Our cluster system consists of a Dell EqualLogic PS4000e iSCSI SAN (16T) storage array. I used it for database storage and home directory of regular users. The storage array was mounted to the master node using iSCSI initiator, mount point, /mnt/ps4000e/. Then the sub-directory /mnt/ps4000e/home was exported across the cluster, so each node has access to the same home directory. So everyday users do not need move their data files between nodes. NFS services provides the network-based mounting. NFS sever/client is easy to install by following the guideline at http://en.gentoo-wiki.com/wiki/NFS/Server. Data transfer is via the IPoIB mechanism. But since we have Infiniband network, we could use RDMA network. NFS/RDMA achieves much faster speed. Here is my experience to setup NFS/RDMA.

Step 1: Kernel compilation
1) Requirements for NFS Server/Client
For the server node, it is needed to turn on File systems/Network File Systems/NFS server support.
For the client node, it is needed to turn on File systems/Network File Systems/NFS client support.
2) Requirements for RDMA support
Drivers for Infiniband should be compiled as module as said in a previous node. Check if RDMA support is enabled. Make sure that SUNRPC_XPRT_RDMA in the .config file has a value of M.

Step 2: emerge net-fs/nfs-utils
The version of 1.2.3-r1 is installed. The portmap package is no longed needed. Instead, rpcbind as a dependency will be installed instead. If you see the error message that says the nfs-utils package is blocked portmap, un-emerge portmap first. If portmap is pulled by ypserv, un-emerge ypserv and ypbind packages first. After installation of nfs-utils, then emerge ypserv ypbind again.

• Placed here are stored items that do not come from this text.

(* Let $f:\mathbb{R}^n\to\mathbb{R}$ be convex, continuously differentiable and locally strongly convex with locally Lipschitz gradient, with $\mathcal{X}^*:=\arg\min f\neq\emptyset$ and optimal value $f^*$. Fix $x^0$, $\alpha_0>0$, $\theta_0>0$, $\tau>1$, $0<\omega\le\frac1{\sqrt2}$, $\gamma_k\in[\gamma_{\min},\gamma_{\max}]\subset(0,\infty)$, and generate $x^{k+1}=x^k-\alpha_k\gamma_k\nabla f(x^k)$ with, for $k\ge1$, $L_k:=\frac{\|\nabla f(x^k)-\nabla f(x^{k-1})\|}{\|x^k-x^{k-1}\|}$, $\alpha_k:=\min\{\frac{\alpha_{k-1}\gamma_{k-1}}{\gamma_k}\sqrt{2(1-\omega^2)+\theta_{k-1}/\tau},\frac{\omega}{\gamma_kL_k}\}$, $\theta_k:=\frac{\alpha_k\gamma_k}{\alpha_{k-1}\gamma_{k-1}}$. Let $\eta:=\mathrm{dist}^2(x^0;\mathcal{X}^* )+2\alpha_0^2\gamma_0^2\|\nabla f(x^0)\|^2+2\alpha_0\gamma_0\theta_0(f(x^0)-f^* )$, $W:=\overline B(0;R)$ with $R>3\sqrt\eta+\mathrm{dist}(x^0;\mathcal{X}^* )+\|x^0\|$, let $L_W>0$ satisfy $\|\nabla f(x)-\nabla f(y)\|\le L_W\|x-y\|$ on $W$, and $\mu_W:=\inf_{x,y\in W,x\neq y}\frac{\langle\nabla f(y)-\nabla f(x),y-x\rangle}{\|y-x\|^2}$. Let $x^*\in\mathcal{X}^*$ and define $$\widehat{\mathcal L}(x^{k+1},x^k):=\|x^{k+1}-x^*\|^2+\Big(\tfrac{\omega^2}{1-\omega^2}+\tfrac{\mu_W}{2\omega L_W}\Big)\|x^{k+1}-x^k\|^2+2\alpha_k\gamma_k\Big(1+\tfrac{\theta_k}{2(1-\omega^2)}\Big)(f(x^k)-f^* ),$$ $$\hat q:=\min\Big\{\tfrac{\mu_W}{2}\min\{\alpha_0\gamma_0,\tfrac{\omega}{L_W}\},\ \tfrac{\mu_W(1-\omega^2)}{2\omega^3L_W+\mu_W(1-\omega^2)},\ \tfrac{(\tau-1)m}{\tau(2(1-\omega^2)+m)}\Big\},\quad m:=\min\{\tfrac{\alpha_0\gamma_0\mu_W}{\omega},\tfrac{\mu_W}{L_W}\}.$$ Then $\hat q\in(0,1)$ and $\widehat{\mathcal L}(x^{k+1},x^k)\le(1-\hat q)\widehat{\mathcal L}(x^k,x^{k-1})$ for all $k\in\mathbb{N}$.
   Context: AdaSGA setting. $f$ is locally strongly convex if every $x$ has $\delta_x>0$, $\mu_x>0$ with $f(y)\ge f(z)+\langle\nabla f(z),y-z\rangle+\frac{\mu_x}{2}\|y-z\|^2$ for all $y,z\in B(x;\delta_x)$. $\mathrm{dist}(x;S)=\inf_{z\in S}\|z-x\|$. *)

theory Defs
  imports "HOL-Analysis.Analysis"
begin

definition locally_strongly_convex :: "('a::real_inner \<Rightarrow> real) \<Rightarrow> ('a \<Rightarrow> 'a) \<Rightarrow> bool" where
  "locally_strongly_convex f g \<longleftrightarrow>
     (\<forall>x. \<exists>\<delta>>0. \<exists>\<mu>>0. \<forall>y\<in>ball x \<delta>. \<forall>z\<in>ball x \<delta>.
        f y \<ge> f z + g z \<bullet> (y - z) + \<mu> / 2 * (norm (y - z))\<^sup>2)"

definition locally_lipschitz_grad :: "('a::real_normed_vector \<Rightarrow> 'a) \<Rightarrow> bool" where
  "locally_lipschitz_grad g \<longleftrightarrow>
     (\<forall>x. \<exists>\<delta>>0. \<exists>L. \<forall>y\<in>ball x \<delta>. \<forall>z\<in>ball x \<delta>. norm (g y - g z) \<le> L * norm (y - z))"

definition argmin_set :: "('a \<Rightarrow> real) \<Rightarrow> 'a set" where
  "argmin_set f = {x. \<forall>y. f x \<le> f y}"

definition opt_val :: "('a \<Rightarrow> real) \<Rightarrow> real" where
  "opt_val f = Inf (range f)"

end

theory Submission
  imports Defs
begin

text \<open>
Without any strong convexity, the step-size rule alone makes the Lyapunov function with its
\<open>\<mu>W\<close>-term dropped (\<open>energy\<close> below) non-increasing, so every iterate stays within \<open>sqrt \<eta>\<close> of
the minimiser, which is unique by local strong convexity. Hence all iterates lie in
\<open>W = cball 0 R\<close>, where \<open>f\<close> is \<open>\<mu>W\<close>-strongly convex (compactness turns local into uniform strong
monotonicity) and its gradient is \<open>LW\<close>-Lipschitz, so the step sizes \<open>\<alpha> k * \<gamma> k\<close> stay above
\<open>min (\<alpha> 0 * \<gamma> 0) (\<omega> / LW)\<close>. On \<open>W\<close> the strengthened inequalities turn the same one-step
estimate into a contraction: what is left after subtracting \<open>1 - q\<close> times the previous Lyapunov
value is a quadratic form in \<open>x k - x (k - 1)\<close> and \<open>x (k - 1) - xstar\<close>, and the three terms in
the definition of \<open>q\<close> are exactly what makes it nonnegative.
\<close>

section \<open>Elementary inequalities for the contraction rate\<close>

lemma rate_bound_from_cubic:
  fixes \<omega> \<sigma> q :: real
  assumes om: "0 < \<omega>" "\<omega>\<^sup>2 \<le> 1/2" and s: "0 < \<sigma>" "\<sigma> \<le> \<omega>" and q: "0 \<le> q" "q \<le> \<sigma>/2"
    and cubic: "8*(1-\<omega>\<^sup>2)*q\<^sup>2*(1-q) \<le> \<sigma>\<^sup>2"
  shows "q*(5 - 3*\<omega>) \<le> 2*\<sigma>"
proof (cases "\<omega> \<ge> 1/3")
  case True
  have "q*(5 - 3*\<omega>) \<le> q*4" using True q by (intro mult_left_mono) auto
  then show ?thesis using q by linarith
next
  case False
  have "(5-3*\<omega>)\<^sup>2/4 \<le> 8*(1-\<omega>\<^sup>2)*(1-\<omega>/2)"
  proof -
    have "\<omega>\<^sup>2 \<le> \<omega>/3" using False om by (simp add: power2_eq_square mult_left_mono)
    moreover have "0 \<le> \<omega>^3" using om by simp
    moreover have "8*(1-\<omega>\<^sup>2)*(1-\<omega>/2) - (5-3*\<omega>)\<^sup>2/4 = 7/4 + 7/2*\<omega> - 41/4*\<omega>\<^sup>2 + 4*\<omega>^3"
      by (simp add: field_simps power2_eq_square power3_eq_cube)
    ultimately show ?thesis using om by linarith
  qed
  also have "\<dots> \<le> 8*(1-\<omega>\<^sup>2)*(1-q)"
    using om q s by (intro mult_left_mono) auto
  finally have coeff: "(5-3*\<omega>)\<^sup>2/4 \<le> 8*(1-\<omega>\<^sup>2)*(1-q)" .
  have "(q*(5-3*\<omega>)/2)\<^sup>2 = q\<^sup>2 * ((5-3*\<omega>)\<^sup>2/4)" by (simp add: power2_eq_square)
  also have "\<dots> \<le> q\<^sup>2 * (8*(1-\<omega>\<^sup>2)*(1-q))" using coeff by (intro mult_left_mono) auto
  also have "\<dots> \<le> \<sigma>\<^sup>2" using cubic by (simp add: algebra_simps)
  finally have "(q*(5-3*\<omega>)/2)\<^sup>2 \<le> \<sigma>\<^sup>2" .
  then have "q*(5-3*\<omega>)/2 \<le> \<sigma>" using s by (simp add: power2_le_iff_abs_le)
  then show ?thesis by linarith
qed

lemma rate_gap_nonneg:
  fixes \<omega> \<sigma> q :: real
  assumes om: "0 < \<omega>" "\<omega>\<^sup>2 \<le> 1/2" and s: "0 < \<sigma>" "\<sigma> \<le> \<omega>" and q: "0 \<le> q" "q \<le> \<sigma>/2"
    and cubic: "8*(1-\<omega>\<^sup>2)*q\<^sup>2*(1-q) \<le> \<sigma>\<^sup>2"
  shows "0 \<le> 4*\<sigma> - 5*q - (2 - 3*q)*\<sigma>\<^sup>2/\<omega>"
proof -
  have key: "q*(5 - 3*\<omega>) \<le> 2*\<sigma>" by (rule rate_bound_from_cubic[OF om s q cubic])
  have o1: "\<omega> \<le> 1" using power2_le_imp_le[of \<omega> 1] om by simp
  \<comment> \<open>tangent line of the convex function \<open>\<sigma> \<mapsto> \<sigma>\<^sup>2/\<omega>\<close> at \<open>\<sigma> = \<omega>\<close>\<close>
  have "0 \<le> (\<sigma> - \<omega>)\<^sup>2/\<omega>" using om by simp
  then have tangent: "2*\<sigma> - \<omega> \<le> \<sigma>\<^sup>2/\<omega>" using om by (simp add: field_simps power2_eq_square)
  have "3*q*(2*\<sigma> - \<omega>) \<le> 3*q*(\<sigma>\<^sup>2/\<omega>)" using tangent q by (intro mult_left_mono) auto
  moreover have "4*\<sigma> - 5*q - 2*\<sigma>\<^sup>2/\<omega> + 3*q*(2*\<sigma> - \<omega>) = (4*\<sigma> - 5*q - 3*q*\<omega>) + (\<sigma>/\<omega>)*(6*q*\<omega> - 2*\<sigma>)"
    using om by (simp add: field_simps power2_eq_square)
  moreover have "0 \<le> (4*\<sigma> - 5*q - 3*q*\<omega>) + (\<sigma>/\<omega>)*(6*q*\<omega> - 2*\<sigma>)"
  proof (cases "6*q*\<omega> - 2*\<sigma> \<ge> 0")
    case True
    have "q*(5+3*\<omega>) \<le> (\<sigma>/2)*(5+3*\<omega>)" using q om by (intro mult_right_mono) auto
    moreover have "(\<sigma>/2)*(5+3*\<omega>) \<le> (\<sigma>/2)*8" using o1 s by (intro mult_left_mono) auto
    moreover have "5*q + 3*q*\<omega> = q*(5+3*\<omega>)" by (simp add: algebra_simps)
    moreover have "0 \<le> (\<sigma>/\<omega>)*(6*q*\<omega> - 2*\<sigma>)" using True s om by simp
    ultimately show ?thesis by linarith
  next
    case False
    have "\<sigma>/\<omega> \<le> 1" using s om by simp
    then have "1*(6*q*\<omega> - 2*\<sigma>) \<le> (\<sigma>/\<omega>)*(6*q*\<omega> - 2*\<sigma>)"
      using False by (intro mult_right_mono_neg) auto
    then show ?thesis using key by (simp add: algebra_simps)
  qed
  moreover have "(2 - 3*q)*\<sigma>\<^sup>2/\<omega> = 2*\<sigma>\<^sup>2/\<omega> - 3*q*(\<sigma>\<^sup>2/\<omega>)" using om by (simp add: field_simps)
  ultimately show ?thesis by linarith
qed

lemma rate_le_weighted_gap:
  fixes \<omega> \<sigma> q :: real
  assumes om: "0 < \<omega>" "\<omega>\<^sup>2 \<le> 1/2" and s: "0 < \<sigma>" "\<sigma> \<le> \<omega>" and q: "0 \<le> q" "q \<le> \<sigma>/2"
    and cubic: "8*(1-\<omega>\<^sup>2)*q\<^sup>2*(1-q) \<le> \<sigma>\<^sup>2"
  shows "q \<le> (4 - 6*q)*(\<sigma> - \<sigma>\<^sup>2/(2*\<omega>) - q) + 3/2*\<sigma>\<^sup>2/(1-\<omega>\<^sup>2)"
proof -
  have gap: "0 \<le> 4*\<sigma> - 5*q - (2 - 3*q)*\<sigma>\<^sup>2/\<omega>" by (rule rate_gap_nonneg[OF om s q cubic])
  have b: "0 < 1-\<omega>\<^sup>2" "1-\<omega>\<^sup>2 \<le> 1" using om by auto
  have "\<sigma>\<^sup>2*(1-\<omega>\<^sup>2) \<le> \<sigma>\<^sup>2" using b by (simp add: mult_left_le)
  then have "\<sigma>\<^sup>2 \<le> \<sigma>\<^sup>2/(1-\<omega>\<^sup>2)" using b by (simp add: pos_le_divide_eq)
  moreover have "0 \<le> 3/2*\<sigma>\<^sup>2 - 6*q*\<sigma> + 6*q\<^sup>2"
  proof -
    have "3/2*\<sigma>\<^sup>2 - 6*q*\<sigma> + 6*q\<^sup>2 = 6*(q - \<sigma>/2)\<^sup>2" by (simp add: power2_eq_square algebra_simps)
    then show ?thesis by simp
  qed
  moreover have "(4 - 6*q)*(\<sigma> - \<sigma>\<^sup>2/(2*\<omega>) - q) + 3/2*\<sigma>\<^sup>2/(1-\<omega>\<^sup>2) - q
      = (4*\<sigma> - 5*q - (2 - 3*q)*\<sigma>\<^sup>2/\<omega>) + (3/2*\<sigma>\<^sup>2/(1-\<omega>\<^sup>2) - 6*q*\<sigma> + 6*q\<^sup>2)"
    using om by (simp add: field_simps power2_eq_square)
  ultimately show ?thesis using gap by linarith
qed

lemma contraction_discriminant:
  fixes \<omega> \<sigma> \<theta> q S :: real
  assumes om: "0 < \<omega>" "\<omega>\<^sup>2 \<le> 1/2" and s: "0 < \<sigma>" "\<sigma> \<le> \<omega>" and th: "0 < \<theta>"
    and q: "0 \<le> q" "q \<le> \<sigma>/2" "2*\<theta>*q \<le> \<sigma>"
    and ratio: "2*(1-\<omega>\<^sup>2)*(1-q) \<le> \<theta>\<^sup>2"
    and S: "3/2*\<theta>*\<sigma>/(1-\<omega>\<^sup>2) \<le> S"
  shows "(\<sigma> - \<sigma>\<^sup>2/(2*\<omega>))\<^sup>2 \<le> (\<sigma> - \<sigma>\<^sup>2/(2*\<omega>) - q + q*\<sigma>/\<theta>) * (\<sigma> - \<sigma>\<^sup>2/(2*\<omega>) - q + S)"
proof -
  define \<beta> where "\<beta> = 1 - \<omega>\<^sup>2"
  define D where "D = \<sigma> - \<sigma>\<^sup>2/(2*\<omega>) - q"
  have b0: "0 < \<beta>" unfolding \<beta>_def using om by simp
  have D0: "0 \<le> D"
  proof -
    have "\<sigma>\<^sup>2/(2*\<omega>) \<le> \<sigma>/2" using s om by (simp add: power2_eq_square field_simps mult_left_mono)
    then show ?thesis unfolding D_def using q by linarith
  qed
  have "8*(1-\<omega>\<^sup>2)*q\<^sup>2*(1-q) = 4*q\<^sup>2*(2*(1-\<omega>\<^sup>2)*(1-q))" by (simp add: algebra_simps)
  also have "\<dots> \<le> 4*q\<^sup>2*\<theta>\<^sup>2" using ratio by (intro mult_left_mono) auto
  also have "\<dots> = (2*\<theta>*q)\<^sup>2" by (simp add: power2_eq_square algebra_simps)
  also have "\<dots> \<le> \<sigma>\<^sup>2" using q th by (intro power_mono) auto
  finally have gap: "q \<le> (4 - 6*q)*D + 3/2*\<sigma>\<^sup>2/\<beta>"
    unfolding D_def \<beta>_def by (rule rate_le_weighted_gap[OF om s q(1,2)])
  have "6*(1-q)*q = 3*(2*\<beta>*(1-q))*q/\<beta>" using b0 by (simp add: field_simps)
  also have "\<dots> \<le> 3*\<theta>\<^sup>2*q/\<beta>" using ratio q b0 unfolding \<beta>_def by (intro divide_right_mono mult_right_mono) auto
  also have "\<dots> = 3/2*\<theta>*(2*\<theta>*q)/\<beta>" by (simp add: power2_eq_square)
  also have "\<dots> \<le> 3/2*\<theta>*\<sigma>/\<beta>" using q th b0 by (intro divide_right_mono mult_left_mono) auto
  finally have S6: "6*(1-q)*q \<le> S" using S unfolding \<beta>_def by linarith
  have "3/2*q*\<sigma>\<^sup>2/\<beta> = q*\<sigma>/\<theta> * (3/2*\<theta>*\<sigma>/\<beta>)" using th by (simp add: power2_eq_square field_simps)
  also have "\<dots> \<le> q*\<sigma>/\<theta> * S" using S q s th unfolding \<beta>_def by (intro mult_left_mono) auto
  finally have qS: "3/2*q*\<sigma>\<^sup>2/\<beta> \<le> q*\<sigma>/\<theta> * S" .
  have "q*q \<le> q*((4 - 6*q)*D + 3/2*\<sigma>\<^sup>2/\<beta>)" using gap q by (intro mult_left_mono) auto
  moreover have "q*((4 - 6*q)*D + 3/2*\<sigma>\<^sup>2/\<beta>) = 4*(q*D) - 6*(q*q*D) + 3/2*q*\<sigma>\<^sup>2/\<beta>"
    by (simp add: algebra_simps)
  moreover have "6*(1-q)*q*D \<le> S*D" using S6 D0 by (rule mult_right_mono)
  moreover have "6*(1-q)*q*D = 6*(q*D) - 6*(q*q*D)" by (simp add: algebra_simps)
  moreover have "0 \<le> q*\<sigma>/\<theta>*D" using q s th D0 by simp
  moreover have "(D + q)\<^sup>2 = D*D + 2*(q*D) + q*q" by (simp add: power2_eq_square algebra_simps)
  moreover have "(D + q*\<sigma>/\<theta>)*(D + S) = D*D + S*D + q*\<sigma>/\<theta>*D + q*\<sigma>/\<theta>*S"
    using th by (simp add: field_simps)
  ultimately have "(D + q)\<^sup>2 \<le> (D + q*\<sigma>/\<theta>)*(D + S)" using qS by linarith
  then show ?thesis unfolding D_def by simp
qed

Step 3: Create the mount point.
edit the /etc/exports file. add the following line,

# /etc/exports: NFS file systems being exported. See exports(5).
/mnt/ps4000e/home 10.0.0.0/255.255.255.0(fsid=0,rw,async,insecure,no_subtree_che
ck,no_root_squash)

The option insecure is important here because the NFS/RDMA client does not use a reserved port.

Step 4: Load necessary modules.
On the server node, svcrdma is needed. On the client node, xprtrdma is needed. I added them into the /etc/init.d/nfs script file. Put the following sentences into an appropriate place in the init.d file.

# svcrdma: server-side module for NFS/RDMA
# xprtrdma: client-side module for NFS/RDMA
/sbin/modprobe svcrdma > /dev/null 2>&1
/sbin/modprobe xprtrdma > /dev/null 2>&1

Remember to unload them when stopping the services. Or add corresponding rmmod commands into the script.

Step 5: Instruct the server to listen on the RDMA transport.

echo "rdma 20049" > /proc/fs/nfsd/portlist

I added it into the nfs script as well.

Step 6: Start the NFS service

/etc/init.d/nfs start

Or add the script to the default run level.

rc-update add nfs default

Step 7. Mount the file system on the client node.
First, ensure that the module xprtrdma has been loaded.

modprobe xprtrdma

Then, use the following command to mount the NFS/RDMA server:

mount -o rdma,port=20049 10.0.0.1:/mnt/ps4000e/home /mnt/ps4000e/home

To verify that the mount is using RDMA, run cat /proc/mounts to check the proto field.
Alternatively for automatic mounting during the boot-up, add the following record to the file /etc/fstab.

10.0.0.1:/mnt/ps4000e/home /mnt/ps4000e/home nfs _netdev,proto=rd
ma,port=20049 0 2

Use the init.d script netmount to mount the NFS/RDMA server.